Metropolitan News-Enterprise

 

Thursday, April 1, 2010

 

Page 1

 

Longtime District Attorney Aide Tom McDonald Dies

 

By a MetNews Staff Writer

 

Tom McDonald, a onetime journalist who became an aide to five Los Angeles district attorneys and two California attorneys general, has died at age 74.

McDonald, a longtime Hollywood Hills resident, passed away Tuesday after a long illness, District Attorney Steve Cooley said in an interoffice memo.

Cooley noted that McDonald had joined the office in 1971 as a special assistant/chief field deputy to then-District Attorney Joe Busch and retired in 2007 after serving as a special assistant to Cooley for seven years.

After attending Loyola University, where he was editor of the school newspaper and student body president, he attended Georgetown University’s School of Foreign Service on scholarship. He returned to Los Angeles, where he worked for the New York Times, one of his assignments being coverage of the 1960 Democratic National Convention, which nominated John F. Kennedy for president.

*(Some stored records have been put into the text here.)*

(* Let $(K,\mathrm{val})$ be a valued field in which every strict unit admits a square root, let $A$ be a subring with $B\subseteq A\subseteq K$, $H=\mathrm{val}(A^\times)$, and let $\mathcal M$ be a quasi-quadratic module in $A$. Then: (1) $M_g^A(\mathcal M)$ is a quasi-quadratic module in $F$ for every $g\in G$; (2) if $g_1,g_2\in H\cup G_{\ge e}$ and $[\![g_1]\!]=[\![g_2]\!]$, then $M_{g_1}^A(\mathcal M)=M_{g_2}^A(\mathcal M)$; (3) if $g_1,g_2\in H\cup G_{\ge e}$, $\overline{g_1}=\overline{g_2}$ and $g_1\le g_2$, then $M_{g_1}^A(\mathcal M)\subseteq M_{g_2}^A(\mathcal M)$.
   Context: Let $(G,\le)$ be a totally ordered abelian group written multiplicatively with identity $e$; $G_{\ge e}=\{g\in G:g\ge e\}$, $G^2=\{g^2:g\in G\}$. Let $(K,\mathrm{val})$ be a valued field with surjective valuation $\mathrm{val}:K\to G\cup\{\infty\}$, valuation ring $B=\{x:\mathrm{val}(x)\ge e\}$, residue map $\pi:B\to F$, residue field $F$. A strict unit is $x\in B^\times$ with $\pi(x)=1$. For a subring $A$ with $B\subseteq A\subseteq K$ put $H=\mathrm{val}(A^\times)$ (a convex subgroup of $G$). For $g\in G$: $\overline g$ is its class in $G/G^2$, $[\![g]\!]$ its class in $G/H^2$. A quasi-quadratic module in a commutative ring $R$ is a subset $M\subseteq R$ with $M+M\subseteq M$ and $a^2M\subseteq M$ for all $a\in R$. A pseudo-angular component map is a map $\mathrm{p.an}:K^\times\to F^\times$ such that: (1) $\mathrm{p.an}(u)=\pi(u)$ for $u\in B^\times$; (2) $\mathrm{p.an}(ux)=\pi(u)\mathrm{p.an}(x)$ for $u\in B^\times,x\in K^\times$; (3) for all $g\in G$, $c\in F^\times$ there is $w\in K$ with $\mathrm{val}(w)=g$, $\mathrm{p.an}(w)=c$; (4) for nonzero $x_1,x_2$ with $x_1+x_2\ne0$: if $\mathrm{val}(x_1)<\mathrm{val}(x_2)$ then $\mathrm{p.an}(x_1+x_2)=\mathrm{p.an}(x_1)$; if $\mathrm{val}(x_1)=\mathrm{val}(x_2)$ and $\mathrm{p.an}(x_1)+\mathrm{p.an}(x_2)\ne0$ then $\mathrm{val}(x_1+x_2)=\mathrm{val}(x_1)$ and $\mathrm{p.an}(x_1+x_2)=\mathrm{p.an}(x_1)+\mathrm{p.an}(x_2)$; (5) if $x,y\in K^\times$, $\overline{\mathrm{val}(x)}=\overline{\mathrm{val}(y)}$ and $\mathrm{p.an}(x)=\mathrm{p.an}(y)$ then $y=u^2x$ for some $u\in K^\times$; (6) for $a,u\in K^\times$ there is $k\in F^\times$ with $\mathrm{p.an}(au^2)=\mathrm{p.an}(a)k^2$. Such a map exists under the hypotheses; fix one. For a quasi-quadratic module $\mathcal M$ in $A$ and $g\in G$: $$M_g^A(\mathcal M)=\{\mathrm{p.an}(x):\ x\in\mathcal M\setminus\{0\},\ \mathrm{val}(x)=g\}\cup\{0\}\subseteq F.$$ *)

theory Defs
  imports Main
begin

text \<open>The value group G is written additively: a linearly ordered abelian group
  'g with identity 0 (the paper's e), and g^2 becomes g + g.
  The valuation takes values in 'g option, None playing the role of infinity.\<close>

definition valuation :: "('k::field \<Rightarrow> 'g::linordered_ab_group_add option) \<Rightarrow> bool" where
  "valuation val \<longleftrightarrow>
     (\<forall>x. val x = None \<longleftrightarrow> x = 0) \<and>
     (\<forall>x y. x \<noteq> 0 \<longrightarrow> y \<noteq> 0 \<longrightarrow> val (x * y) = Some (the (val x) + the (val y))) \<and>
     (\<forall>x y. x \<noteq> 0 \<longrightarrow> y \<noteq> 0 \<longrightarrow> x + y \<noteq> 0 \<longrightarrow>
        min (the (val x)) (the (val y)) \<le> the (val (x + y))) \<and>
     (\<forall>g. \<exists>x. val x = Some g)"

definition vring :: "('k::field \<Rightarrow> 'g::linordered_ab_group_add option) \<Rightarrow> 'k set" where
  "vring val = {x. x = 0 \<or> 0 \<le> the (val x)}"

He left the Times to become special assistant and press secretary to Stanley Mosk, then the attorney general of California, and stayed on under the new attorney general, Thomas Lynch, after Mosk’s 1964 appointment to the state Supreme Court. McDonald testified before congressional committees and planned legislative strategy, acted as liaison with the Los Angeles Police Department during the 1965 Watts riot, and authored a 1965 report on armed right-wing extremist groups, Cooley said.

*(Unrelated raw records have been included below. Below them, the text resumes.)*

(* Let $b\in\mathfrak{lie}_C$. Then $b$ is a push-invariant polynomial (i.e. $push(b)=b$) if and only if the mould $ma(b)$ is push-invariant.
   Context: $\mathfrak{lie}_C$ is the completed free Lie algebra over $\mathbb{Q}$ on $C_i=\mathrm{ad}(x)^{i-1}(y)$, $i\ge1$, inside $\mathbb{Q}\langle\langle x,y\rangle\rangle$; every element of $\mathfrak{lie}_C$ is uniquely a noncommutative series in the $C_i$. The push operator on words in $x,y$ is $push(x^{a_0}yx^{a_1}y\cdots yx^{a_r})=x^{a_r}yx^{a_0}y\cdots yx^{a_{r-1}}$, trivial on constants and powers of $x$, extended linearly. A mould is a family $A=(A^r)_{r\ge0}$ with $A^r$ a rational function in $u_1,\dots,u_r$; $ma$ sends a series $\sum k_{\underline a}C_{a_1}\cdots C_{a_r}$ (summed over all $r$) to the mould whose depth-$r$ component is $\sum k_{\underline a}u_1^{a_1-1}\cdots u_r^{a_r-1}$. A mould $A$ is push-invariant if $A(u_0,u_1,\dots,u_{r-1})=A(u_1,\dots,u_r)$ for all $r\ge1$, where $u_0=-u_1-\dots-u_r$. *)

theory Defs
  imports Complex_Main
begin

datatype letter = X | Y

type_synonym word = "letter list"
type_synonym series = "word \<Rightarrow> rat"   \<comment> \<open>element of Q<<x,y>>: coefficient of each word\<close>

definition ser_zero :: series where "ser_zero = (\<lambda>_. 0)"
definition ser_one :: series where "ser_one = (\<lambda>w. if w = [] then 1 else 0)"
definition ser_letter :: "letter \<Rightarrow> series" where
  "ser_letter l = (\<lambda>w. if w = [l] then 1 else 0)"
definition ser_add :: "series \<Rightarrow> series \<Rightarrow> series" where
  "ser_add f g = (\<lambda>w. f w + g w)"
definition ser_scale :: "rat \<Rightarrow> series \<Rightarrow> series" where
  "ser_scale c f = (\<lambda>w. c * f w)"
definition ser_mult :: "series \<Rightarrow> series \<Rightarrow> series" where
  "ser_mult f g = (\<lambda>w. \<Sum>i\<le>length w. f (take i w) * g (drop i w))"
definition bracket :: "series \<Rightarrow> series \<Rightarrow> series" where
  "bracket a b = (\<lambda>w. ser_mult a b w - ser_mult b a w)"

definition hom :: "nat \<Rightarrow> series \<Rightarrow> series" where
  "hom n f = (\<lambda>w. if length w = n then f w else 0)"

primrec adxy :: "nat \<Rightarrow> series" where
  "adxy 0 = ser_letter Y"
| "adxy (Suc n) = bracket (ser_letter X) (adxy n)"

definition C :: "nat \<Rightarrow> series" where
  "C i = adxy (i - 1)"   \<comment> \<open>only used for i \<ge> 1\<close>

inductive_set lie_poly :: "series set" where
  gen: "1 \<le> i \<Longrightarrow> C i \<in> lie_poly"
| zero: "ser_zero \<in> lie_poly"
| add: "a \<in> lie_poly \<Longrightarrow> b \<in> lie_poly \<Longrightarrow> ser_add a b \<in> lie_poly"
| scale: "a \<in> lie_poly \<Longrightarrow> ser_scale c a \<in> lie_poly"
| brk: "a \<in> lie_poly \<Longrightarrow> b \<in> lie_poly \<Longrightarrow> bracket a b \<in> lie_poly"

text \<open>The completed free Lie algebra lie_C: series all of whose homogeneous components
  lie in the (graded) Lie algebra generated by the homogeneous C_i.\<close>
definition lie_C :: "series set" where
  "lie_C = {b. \<forall>n. hom n b \<in> lie_poly}"

definition Cprod :: "nat list \<Rightarrow> series" where
  "Cprod as = foldr ser_mult (map C as) ser_one"

definition compositions :: "nat \<Rightarrow> nat list set" where
  "compositions n = {as. (\<forall>a\<in>set as. 1 \<le> a) \<and> sum_list as = n}"

text \<open>The series sum_a k_a C_{a_1}...C_{a_r}; C_{a_1}...C_{a_r} is homogeneous of degree
  a_1+...+a_r, so each coefficient is a finite sum.\<close>
definition series_of_coeffs :: "(nat list \<Rightarrow> rat) \<Rightarrow> series" where
  "series_of_coeffs k = (\<lambda>w. \<Sum>as\<in>compositions (length w). k as * Cprod as w)"

definition valid_coeffs :: "(nat list \<Rightarrow> rat) \<Rightarrow> bool" where
  "valid_coeffs k \<longleftrightarrow> (\<forall>as. (\<exists>a\<in>set as. a = 0) \<longrightarrow> k as = 0)"

definition C_coeffs :: "series \<Rightarrow> nat list \<Rightarrow> rat" where
  "C_coeffs b = (THE k. valid_coeffs k \<and> series_of_coeffs k = b)"

text \<open>A mould whose depth-r component is a formal power series in commuting u_1..u_r:
  A r e is the coefficient of u_1^(e_1)...u_r^(e_r) (for length e = r).\<close>
type_synonym mould = "nat \<Rightarrow> nat list \<Rightarrow> rat"

definition ma :: "series \<Rightarrow> mould" where
  "ma b = (\<lambda>r e. if length e = r then C_coeffs b (map Suc e) else 0)"

definition hom_eval :: "mould \<Rightarrow> nat \<Rightarrow> nat \<Rightarrow> rat list \<Rightarrow> rat" where
  "hom_eval A r d u =
     (\<Sum>e\<in>{e. length e = r \<and> sum_list e = d}. A r e * (\<Prod>i<r. (u ! i) ^ (e ! i)))"

text \<open>Push-invariance A(u_0,u_1,...,u_{r-1}) = A(u_1,...,u_r), u_0 = -u_1-...-u_r,
  as an identity of power series, i.e. degree by degree.\<close>
definition push_invariant_mould :: "mould \<Rightarrow> bool" where
  "push_invariant_mould A \<longleftrightarrow>
     (\<forall>r\<ge>1. \<forall>d. \<forall>u::rat list. length u = r \<longrightarrow>
        hom_eval A r d ((- sum_list u) # butlast u) = hom_eval A r d u)"

text \<open>push(x^a0 y x^a1 ... y x^ar) = x^ar y x^a0 y ... y x^a(r-1); identity on words without y.\<close>
definition push_word :: "word \<Rightarrow> word" where
  "push_word w =
     (if Y \<notin> set w then w
      else (let k = length (takeWhile (\<lambda>l. l = X) (rev w));
                w' = take (length w - k) w
            in replicate k X @ [Y] @ butlast w'))"

definition push_ser :: "series \<Rightarrow> series" where
  "push_ser f = (\<lambda>w. \<Sum>v\<in>{v. length v = length w \<and> push_word v = w}. f v)"

end

theory Submission
  imports Defs "HOL-Computational_Algebra.Polynomial"
begin

text \<open>
  Encode the part of a series made of words with n letters and r letters y by the polynomial
  \<open>poly_image n r\<close>, which sends x^a0 y x^a1 ... y x^ar to z0^a0 z1^a1 ... zr^ar. Distinct words
  give distinct monomials, so a series is determined by these polynomials; concatenation of
  words becomes multiplication (with the variables of the right factor shifted), push becomes
  the cyclic rotation (z0, ..., zr) to (z1, ..., zr, z0), and C_a becomes (z0 - z1)^(a - 1).
  Hence the image of C_a1 ... C_ar is the product of the powers (z_(i-1) - z_i)^(a_i - 1), so
  for b in lie_C the polynomial \<open>poly_image n r b\<close> is the degree n - r part of ma(b) evaluated
  at the consecutive differences u_i = z_(i-1) - z_i. Rotating the z's replaces (u1, ..., ur)
  by (u2, ..., ur, -u1 - ... - ur), the inverse of the substitution in the definition of
  push-invariance of a mould.
\<close>

definition weak_comps :: "nat \<Rightarrow> nat \<Rightarrow> nat list set" where
  "weak_comps r d = {e. length e = r \<and> sum_list e = d}"

lemma finite_weak_comps: "finite (weak_comps r d)"
proof (rule finite_subset)
  show "weak_comps r d \<subseteq> {xs. set xs \<subseteq> {..d} \<and> length xs = r}"
    by (auto simp: weak_comps_def member_le_sum_list)
qed (simp add: finite_lists_length_eq)

lemma weak_comps_0: "weak_comps 0 d = (if d = 0 then {[]} else {})"
  by (auto simp: weak_comps_def)

lemma weak_comps_Suc:
  "weak_comps (Suc r) d = (\<lambda>(j, e). j # e) ` (SIGMA j:{..d}. weak_comps r (d - j))"
  by (auto simp: weak_comps_def length_Suc_conv image_iff)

He left the office following the 1970 election of Evelle Younger and went to work for Busch, handling media relations and later heading the Bureau of Community Affairs, a role he continued after Busch died and John Van de Kamp was named to succeed him.

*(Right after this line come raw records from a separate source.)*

definition comodule_coeff ::
  "('k \<Rightarrow> 'c::ab_group_add \<Rightarrow> 'c) \<Rightarrow> ('m \<Rightarrow> ('m \<times> 'c) list) \<Rightarrow> ('m \<Rightarrow> 'k) \<Rightarrow> 'm \<Rightarrow> 'c" where
  "comodule_coeff sc rho \<mu> m = (\<Sum>(x,c)\<leftarrow>rho m. sc (\<mu> x) c)"

lemma dual_comodule_coeff:
  "g \<in> dual sc \<Longrightarrow> g (comodule_coeff sc rho \<mu> m) = tens (rho m) \<mu> g"
  unfolding comodule_coeff_def tens_def
  by (simp add: additive.sum_list_map[OF dual_additive] dual_scale case_prod_beta')

lemma comodule_coeff_additive:
  assumes "vector_space sc" and "is_right_comodule sc Delta eps smM rho" and "\<mu> \<in> dual smM"
  shows "additive (comodule_coeff sc rho \<mu>)"
proof
  fix m n
  show "comodule_coeff sc rho \<mu> (m + n) = comodule_coeff sc rho \<mu> m + comodule_coeff sc rho \<mu> n"
    using assms unfolding is_right_comodule_def
    by (intro dual_eqI[OF assms(1)])
       (simp add: dual_comodule_coeff additive.add[OF dual_additive])
qed

lemma counit_comodule_coeff:
  assumes "eps \<in> dual sc" and "is_right_comodule sc Delta eps smM rho" and \<mu>: "\<mu> \<in> dual smM"
  shows "eps (comodule_coeff sc rho \<mu> m) = \<mu> m"
proof -
  have "eps (comodule_coeff sc rho \<mu> m) = (\<Sum>(x,c)\<leftarrow>rho m. \<mu> (smM (eps c) x))"
    using assms(1) by (simp add: dual_comodule_coeff tens_def dual_scale[OF \<mu>] mult.commute)
  also have "\<dots> = \<mu> (\<Sum>(x,c)\<leftarrow>rho m. smM (eps c) x)"
    by (simp add: additive.sum_list_map[OF dual_additive[OF \<mu>]] case_prod_beta')
  also have "\<dots> = \<mu> m"
    using assms(2) unfolding is_right_comodule_def by simp
  finally show ?thesis .
qed

lemma dual_hit: "g \<in> dual sc \<Longrightarrow> g (hit sc Delta f z) = tens (Delta z) g f"
  unfolding hit_def tens_def
  by (simp add: additive.sum_list_map[OF dual_additive] dual_scale case_prod_beta' mult.commute)

text \<open>Both sides, paired with a functional \<open>g\<close> on \<open>C\<close>, equal
\<open>\<Sum> \<mu>(m\<^sub>0) g(m\<^sub>1\<^sub>1) f(m\<^sub>1\<^sub>2)\<close>: the left side by coassociativity of the comodule,
the right side by linearity of the comultiplication.\<close>

lemma comodule_coeff_hit:
  assumes C: "is_coalgebra sc Delta eps" and M: "is_right_comodule sc Delta eps smM rho"
    and \<mu>: "\<mu> \<in> dual smM" and f: "f \<in> dual sc"
  shows "comodule_coeff sc rho \<mu> (\<Sum>(x,c)\<leftarrow>rho m. smM (f c) x)
    = hit sc Delta f (comodule_coeff sc rho \<mu> m)"
proof (rule dual_eqI)
  show "vector_space sc" using C unfolding is_coalgebra_def by simp
  fix g assume g: "g \<in> dual sc"
  have tens_rho: "additive (\<lambda>z. tens (rho z) \<mu> g)"
    "tens (rho (smM r x)) \<mu> g = r * tens (rho x) \<mu> g" for r x
    using M \<mu> g unfolding is_right_comodule_def by (unfold_locales; simp)+
  have tens_Delta: "additive (\<lambda>z. tens (Delta z) g f)"
    "tens (Delta (sc r x)) g f = r * tens (Delta x) g f" for r x
    using C f g unfolding is_coalgebra_def by (unfold_locales; simp)+
  have "g (comodule_coeff sc rho \<mu> (\<Sum>(x,c)\<leftarrow>rho m. smM (f c) x))
      = (\<Sum>(x,c)\<leftarrow>rho m. tens (rho x) \<mu> g * f c)"
    by (simp add: dual_comodule_coeff[OF g] additive.sum_list_map[OF tens_rho(1)]
        tens_rho(2) case_prod_beta' mult.commute)
  also have "\<dots> = (\<Sum>(x,c)\<leftarrow>rho m. \<mu> x * tens (Delta c) g f)"
    using M \<mu> f g unfolding is_right_comodule_def by blast
  also have "\<dots> = tens (Delta (comodule_coeff sc rho \<mu> m)) g f"
    unfolding comodule_coeff_def
    by (simp add: additive.sum_list_map[OF tens_Delta(1)] tens_Delta(2) case_prod_beta')
  also have "\<dots> = g (hit sc Delta f (comodule_coeff sc rho \<mu> m))"
    by (rule dual_hit[OF g, symmetric])
  finally show "g (comodule_coeff sc rho \<mu> (\<Sum>(x,c)\<leftarrow>rho m. smM (f c) x))
      = g (hit sc Delta f (comodule_coeff sc rho \<mu> m))" .
qed

lemma rational_module_coeff_hom:
  assumes C: "is_coalgebra sc Delta eps" and M: "is_rational sc Delta eps smM act"
    and "vector_space smM" and "m \<noteq> 0"
  obtains \<psi> where "additive \<psi>" and "\<psi> m \<noteq> 0"
    and "\<And>f n. f \<in> dual sc \<Longrightarrow> \<psi> (act f n) = hit sc Delta f (\<psi> n)"
proof -
  obtain rho where rho: "is_right_comodule sc Delta eps smM rho"
    and act_rho: "\<And>f n. f \<in> dual sc \<Longrightarrow> act f n = (\<Sum>(x,c)\<leftarrow>rho n. smM (f c) x)"
    using M unfolding is_rational_def by blast
  have vs: "vector_space sc" and eps: "eps \<in> dual sc"
    using C unfolding is_coalgebra_def by simp_all
  obtain \<mu> where \<mu>: "\<mu> \<in> dual smM" "\<mu> m \<noteq> 0"
    using dual_separates assms(3,4) by blast
  have "eps (comodule_coeff sc rho \<mu> m) \<noteq> 0"
    unfolding counit_comodule_coeff[OF eps rho \<mu>(1)] by (rule \<mu>(2))
  then have "comodule_coeff sc rho \<mu> m \<noteq> 0"
    using additive.zero[OF dual_additive[OF eps]] by auto
  moreover have "comodule_coeff sc rho \<mu> (act f n) = hit sc Delta f (comodule_coeff sc rho \<mu> n)"
    if "f \<in> dual sc" for f n
    unfolding act_rho[OF that] by (rule comodule_coeff_hit[OF C rho \<mu>(1) that])
  ultimately show ?thesis
    using that comodule_coeff_additive[OF vs rho \<mu>(1)] by blast
qed

lemma embeds_in_product_coordinate_additive:
  assumes "embeds_in_product sc Delta \<phi>"
  shows "additive (\<lambda>x. \<phi> x i)"
proof
  fix x y
  have "\<phi> (x + y) = (\<lambda>i c. \<phi> x i c + \<phi> y i c)"
    using assms unfolding embeds_in_product_def by blast
  then show "\<phi> (x + y) i = \<phi> x i + \<phi> y i"
    unfolding plus_fun_def by (rule fun_cong)
qed

lemma embeds_in_product_nonzero_coordinate:
  assumes "embeds_in_product sc Delta \<phi>" and "x \<noteq> 0"
  obtains i where "\<phi> x i \<noteq> 0"
proof -
  have "\<phi> 0 i = 0" for i
    using additive.zero[OF embeds_in_product_coordinate_additive[OF assms(1)]] .
  moreover have "\<phi> x \<noteq> \<phi> 0"
    using assms unfolding embeds_in_product_def by (metis injD)
  ultimately show ?thesis
    using that by (metis ext)
qed

lemma embeds_in_dualI:
  assumes "inj \<Theta>" and "additive \<Theta>" and "\<And>m. \<Theta> m \<in> dual sc"
    and "\<And>f m. f \<in> dual sc \<Longrightarrow> \<Theta> (act f m) = conv Delta f (\<Theta> m)"
  shows "embeds_in_dual sc Delta act"
  unfolding embeds_in_dual_def
  using assms additive.add[OF assms(2)] by (intro exI[of _ \<Theta>]) (simp add: plus_fun_def)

Van de Kamp told the MetNews yesterday that McDonald was valued as a speechwriter and adviser with “very good political judgment and a great sense of humor.” Members of the press and public with whom he dealt “knew him and liked him,” Van de Kamp said.

McDonald also worked with the district attorney’s community representatives and the Board of Supervisors and organized trips around the county for him and his top aides, Van de Kamp recalled.

Los Angeles County Counsel Andrea Ordin, who worked with McDonald in both the Attorney General’s and District Attorney’s offices, called him a “sheer joy” and “one of the most imaginative writers and thinkers.”

She explained that under Lynch, the Attorney General’s Office was extremely active in areas like civil rights and organized crime, and McDonald was instrumental in explaining the office’s actions to the press and public.

In later years, McDonald, along with his wife Sheila, who survives him, researched the history of the District Attorney’s Office. He is credited with supplying much of the information that appeared in Michael Parrish’s 2001 history of the office, “For the People,” and worked on the historic photomurals on the 17th and 18th floors of the Clara Shortridge Foltz Criminal Justice Center.

Plans for a memorial service are pending, Cooley said.